**AIM OF THE TASK:** Each line of the records that holds the word "begin" should be copied out.

Top of INPUT DATA

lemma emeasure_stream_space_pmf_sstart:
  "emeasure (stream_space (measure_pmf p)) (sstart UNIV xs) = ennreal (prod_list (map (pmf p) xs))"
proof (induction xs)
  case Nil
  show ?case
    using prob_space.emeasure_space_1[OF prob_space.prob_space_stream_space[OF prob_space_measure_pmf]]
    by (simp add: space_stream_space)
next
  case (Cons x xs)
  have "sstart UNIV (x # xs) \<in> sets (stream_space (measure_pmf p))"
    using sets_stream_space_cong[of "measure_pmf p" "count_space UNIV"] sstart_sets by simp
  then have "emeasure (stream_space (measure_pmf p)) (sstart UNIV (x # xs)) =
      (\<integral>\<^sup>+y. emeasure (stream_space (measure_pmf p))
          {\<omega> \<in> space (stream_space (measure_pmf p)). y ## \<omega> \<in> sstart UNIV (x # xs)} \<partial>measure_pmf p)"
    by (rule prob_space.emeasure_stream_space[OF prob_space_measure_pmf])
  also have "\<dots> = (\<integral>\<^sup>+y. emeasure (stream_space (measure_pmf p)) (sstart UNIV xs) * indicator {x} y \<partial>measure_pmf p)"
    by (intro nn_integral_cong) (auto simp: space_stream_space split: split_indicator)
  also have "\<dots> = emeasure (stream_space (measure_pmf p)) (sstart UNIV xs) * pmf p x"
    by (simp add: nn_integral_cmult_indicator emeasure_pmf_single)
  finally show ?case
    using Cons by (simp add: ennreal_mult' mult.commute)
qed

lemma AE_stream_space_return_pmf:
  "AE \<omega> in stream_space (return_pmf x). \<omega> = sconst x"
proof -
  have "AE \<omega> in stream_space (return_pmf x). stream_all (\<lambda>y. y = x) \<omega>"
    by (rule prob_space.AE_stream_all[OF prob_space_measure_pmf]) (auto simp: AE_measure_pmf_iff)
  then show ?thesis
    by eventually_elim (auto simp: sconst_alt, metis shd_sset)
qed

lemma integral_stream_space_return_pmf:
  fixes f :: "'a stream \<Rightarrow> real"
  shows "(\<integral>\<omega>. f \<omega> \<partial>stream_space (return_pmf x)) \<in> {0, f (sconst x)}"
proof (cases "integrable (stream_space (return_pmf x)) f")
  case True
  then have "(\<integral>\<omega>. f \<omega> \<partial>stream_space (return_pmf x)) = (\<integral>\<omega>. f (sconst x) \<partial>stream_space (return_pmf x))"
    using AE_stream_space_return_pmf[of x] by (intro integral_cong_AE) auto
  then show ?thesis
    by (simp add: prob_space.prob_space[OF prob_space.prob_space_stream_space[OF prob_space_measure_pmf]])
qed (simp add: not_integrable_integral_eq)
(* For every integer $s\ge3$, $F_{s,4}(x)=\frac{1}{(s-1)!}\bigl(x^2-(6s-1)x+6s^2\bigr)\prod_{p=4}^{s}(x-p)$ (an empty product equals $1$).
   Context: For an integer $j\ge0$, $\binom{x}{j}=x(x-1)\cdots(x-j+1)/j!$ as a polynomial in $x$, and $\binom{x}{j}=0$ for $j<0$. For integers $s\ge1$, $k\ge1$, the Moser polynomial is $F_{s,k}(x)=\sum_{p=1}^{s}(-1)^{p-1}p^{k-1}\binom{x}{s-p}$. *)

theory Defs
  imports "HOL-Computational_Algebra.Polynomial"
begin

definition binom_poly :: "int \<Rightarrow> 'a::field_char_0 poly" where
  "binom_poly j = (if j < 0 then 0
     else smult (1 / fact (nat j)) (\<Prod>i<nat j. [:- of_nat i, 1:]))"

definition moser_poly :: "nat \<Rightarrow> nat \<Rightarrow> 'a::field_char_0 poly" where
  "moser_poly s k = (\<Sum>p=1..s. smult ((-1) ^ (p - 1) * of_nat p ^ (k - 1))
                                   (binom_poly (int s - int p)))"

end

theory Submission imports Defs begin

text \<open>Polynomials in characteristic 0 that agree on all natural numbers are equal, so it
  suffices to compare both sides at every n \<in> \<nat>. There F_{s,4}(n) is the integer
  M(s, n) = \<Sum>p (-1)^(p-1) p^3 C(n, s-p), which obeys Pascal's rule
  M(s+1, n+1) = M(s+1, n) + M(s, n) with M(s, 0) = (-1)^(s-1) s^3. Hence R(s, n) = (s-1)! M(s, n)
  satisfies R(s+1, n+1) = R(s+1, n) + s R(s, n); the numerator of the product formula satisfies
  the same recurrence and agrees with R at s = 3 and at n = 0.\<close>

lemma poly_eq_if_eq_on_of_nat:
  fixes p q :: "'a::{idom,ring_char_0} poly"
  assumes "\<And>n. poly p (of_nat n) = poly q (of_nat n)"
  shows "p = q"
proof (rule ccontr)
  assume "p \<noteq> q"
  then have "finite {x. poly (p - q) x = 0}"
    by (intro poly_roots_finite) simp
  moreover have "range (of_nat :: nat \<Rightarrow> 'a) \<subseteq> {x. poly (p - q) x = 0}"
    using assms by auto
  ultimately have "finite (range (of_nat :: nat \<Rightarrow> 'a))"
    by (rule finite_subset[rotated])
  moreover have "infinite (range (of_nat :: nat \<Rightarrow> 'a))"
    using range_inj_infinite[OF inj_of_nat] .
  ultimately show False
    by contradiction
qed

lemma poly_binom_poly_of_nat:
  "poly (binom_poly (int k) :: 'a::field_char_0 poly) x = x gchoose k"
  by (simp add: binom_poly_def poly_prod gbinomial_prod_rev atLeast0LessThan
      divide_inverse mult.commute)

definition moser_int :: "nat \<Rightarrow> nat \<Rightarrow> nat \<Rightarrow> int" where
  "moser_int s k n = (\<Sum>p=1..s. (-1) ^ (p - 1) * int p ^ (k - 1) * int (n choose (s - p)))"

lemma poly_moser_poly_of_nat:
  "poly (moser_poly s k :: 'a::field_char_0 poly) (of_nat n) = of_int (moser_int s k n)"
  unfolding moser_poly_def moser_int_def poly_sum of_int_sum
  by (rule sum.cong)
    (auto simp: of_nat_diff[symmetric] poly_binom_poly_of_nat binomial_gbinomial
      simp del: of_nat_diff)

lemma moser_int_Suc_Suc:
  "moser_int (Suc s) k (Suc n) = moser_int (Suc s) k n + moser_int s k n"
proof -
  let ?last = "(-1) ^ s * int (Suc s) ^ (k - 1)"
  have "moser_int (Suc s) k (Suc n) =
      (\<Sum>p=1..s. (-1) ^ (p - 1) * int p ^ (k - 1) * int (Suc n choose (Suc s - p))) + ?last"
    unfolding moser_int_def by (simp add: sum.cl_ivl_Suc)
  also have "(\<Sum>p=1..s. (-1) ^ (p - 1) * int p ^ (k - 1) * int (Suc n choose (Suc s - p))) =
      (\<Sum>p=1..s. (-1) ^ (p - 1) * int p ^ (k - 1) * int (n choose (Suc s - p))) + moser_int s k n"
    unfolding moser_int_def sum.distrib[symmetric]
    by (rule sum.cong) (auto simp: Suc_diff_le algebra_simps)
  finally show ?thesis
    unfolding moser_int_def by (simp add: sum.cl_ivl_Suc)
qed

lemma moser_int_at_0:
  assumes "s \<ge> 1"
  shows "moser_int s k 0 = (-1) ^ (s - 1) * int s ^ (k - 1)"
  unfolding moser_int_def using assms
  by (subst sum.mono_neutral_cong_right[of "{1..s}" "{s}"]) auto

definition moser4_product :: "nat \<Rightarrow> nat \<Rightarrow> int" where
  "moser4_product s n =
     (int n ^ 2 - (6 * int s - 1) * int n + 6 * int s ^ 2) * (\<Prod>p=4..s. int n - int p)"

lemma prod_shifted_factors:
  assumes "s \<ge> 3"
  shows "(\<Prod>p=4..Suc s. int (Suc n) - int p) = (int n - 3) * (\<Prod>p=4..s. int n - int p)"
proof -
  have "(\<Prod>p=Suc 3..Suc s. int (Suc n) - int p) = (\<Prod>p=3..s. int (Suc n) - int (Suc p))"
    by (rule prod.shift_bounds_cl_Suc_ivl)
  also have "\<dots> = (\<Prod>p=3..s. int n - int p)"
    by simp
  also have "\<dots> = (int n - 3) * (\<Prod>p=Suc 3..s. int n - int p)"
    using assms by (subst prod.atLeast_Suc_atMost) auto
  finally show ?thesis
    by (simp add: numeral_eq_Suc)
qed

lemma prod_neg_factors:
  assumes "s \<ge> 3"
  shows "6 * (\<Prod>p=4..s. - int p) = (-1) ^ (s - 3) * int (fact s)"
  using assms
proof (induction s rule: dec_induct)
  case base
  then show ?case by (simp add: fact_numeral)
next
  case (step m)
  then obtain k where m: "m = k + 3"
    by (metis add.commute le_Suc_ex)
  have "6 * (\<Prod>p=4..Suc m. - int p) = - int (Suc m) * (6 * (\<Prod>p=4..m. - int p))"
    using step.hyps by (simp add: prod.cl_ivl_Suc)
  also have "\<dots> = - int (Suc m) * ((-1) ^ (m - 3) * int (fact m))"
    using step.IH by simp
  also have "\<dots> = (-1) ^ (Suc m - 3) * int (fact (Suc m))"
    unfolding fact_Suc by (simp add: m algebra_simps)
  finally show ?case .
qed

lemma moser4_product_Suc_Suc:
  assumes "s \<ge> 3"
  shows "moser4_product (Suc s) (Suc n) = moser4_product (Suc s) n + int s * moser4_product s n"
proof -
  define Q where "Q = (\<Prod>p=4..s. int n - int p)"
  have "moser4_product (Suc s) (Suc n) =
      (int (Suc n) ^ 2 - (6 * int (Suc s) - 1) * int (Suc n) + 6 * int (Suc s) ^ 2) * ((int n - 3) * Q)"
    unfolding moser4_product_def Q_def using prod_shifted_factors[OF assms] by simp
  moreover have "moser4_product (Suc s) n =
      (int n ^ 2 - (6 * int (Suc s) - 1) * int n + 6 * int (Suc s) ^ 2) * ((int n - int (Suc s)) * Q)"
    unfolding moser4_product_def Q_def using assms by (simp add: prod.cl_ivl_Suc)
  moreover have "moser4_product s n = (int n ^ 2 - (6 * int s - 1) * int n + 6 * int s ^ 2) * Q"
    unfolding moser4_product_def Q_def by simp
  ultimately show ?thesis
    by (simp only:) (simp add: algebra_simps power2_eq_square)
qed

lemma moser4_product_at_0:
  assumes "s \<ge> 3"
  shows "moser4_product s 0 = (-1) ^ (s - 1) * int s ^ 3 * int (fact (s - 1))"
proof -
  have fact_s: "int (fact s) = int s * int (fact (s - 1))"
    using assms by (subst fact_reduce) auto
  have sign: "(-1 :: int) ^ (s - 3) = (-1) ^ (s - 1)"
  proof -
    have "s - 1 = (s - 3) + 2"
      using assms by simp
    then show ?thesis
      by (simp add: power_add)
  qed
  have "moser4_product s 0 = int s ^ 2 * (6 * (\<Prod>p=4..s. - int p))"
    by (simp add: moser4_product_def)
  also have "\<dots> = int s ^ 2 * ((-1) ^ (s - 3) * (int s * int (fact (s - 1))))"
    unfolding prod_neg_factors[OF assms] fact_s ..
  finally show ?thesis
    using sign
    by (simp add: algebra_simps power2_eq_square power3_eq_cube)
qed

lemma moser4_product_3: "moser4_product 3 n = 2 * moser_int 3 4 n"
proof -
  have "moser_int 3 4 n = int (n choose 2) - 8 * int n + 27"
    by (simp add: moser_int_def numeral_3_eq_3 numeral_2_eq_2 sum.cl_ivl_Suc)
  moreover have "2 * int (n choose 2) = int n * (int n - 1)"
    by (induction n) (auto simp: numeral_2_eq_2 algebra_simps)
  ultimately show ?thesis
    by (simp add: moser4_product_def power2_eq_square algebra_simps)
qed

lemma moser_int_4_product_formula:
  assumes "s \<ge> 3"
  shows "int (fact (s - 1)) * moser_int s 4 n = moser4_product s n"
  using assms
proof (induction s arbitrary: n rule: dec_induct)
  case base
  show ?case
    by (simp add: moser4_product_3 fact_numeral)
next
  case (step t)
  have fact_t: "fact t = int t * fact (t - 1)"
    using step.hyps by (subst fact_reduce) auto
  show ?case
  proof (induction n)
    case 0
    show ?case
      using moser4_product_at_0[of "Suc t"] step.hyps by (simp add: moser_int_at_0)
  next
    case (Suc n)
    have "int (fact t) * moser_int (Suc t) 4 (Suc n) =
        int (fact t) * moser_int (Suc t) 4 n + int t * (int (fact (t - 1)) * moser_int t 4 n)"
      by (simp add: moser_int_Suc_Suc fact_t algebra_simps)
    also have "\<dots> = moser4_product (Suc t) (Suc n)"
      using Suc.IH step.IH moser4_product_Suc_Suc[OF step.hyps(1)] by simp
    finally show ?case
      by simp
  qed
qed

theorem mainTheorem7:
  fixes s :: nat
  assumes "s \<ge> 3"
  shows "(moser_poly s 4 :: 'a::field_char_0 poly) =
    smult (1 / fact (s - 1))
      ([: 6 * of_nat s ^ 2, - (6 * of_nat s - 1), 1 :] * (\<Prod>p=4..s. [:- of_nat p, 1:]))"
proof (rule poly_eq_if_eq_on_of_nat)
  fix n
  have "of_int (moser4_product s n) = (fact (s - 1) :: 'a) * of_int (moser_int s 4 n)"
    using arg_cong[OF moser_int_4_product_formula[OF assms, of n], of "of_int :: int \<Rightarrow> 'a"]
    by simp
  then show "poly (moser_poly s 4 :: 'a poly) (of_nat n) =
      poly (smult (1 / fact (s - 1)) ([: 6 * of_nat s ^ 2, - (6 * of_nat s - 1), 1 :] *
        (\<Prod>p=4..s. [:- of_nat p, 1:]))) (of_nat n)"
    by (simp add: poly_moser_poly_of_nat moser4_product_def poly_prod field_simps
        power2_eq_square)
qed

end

Bottom of INPUT DATA

**RESULT:**
begin
theory Submission imports Defs begin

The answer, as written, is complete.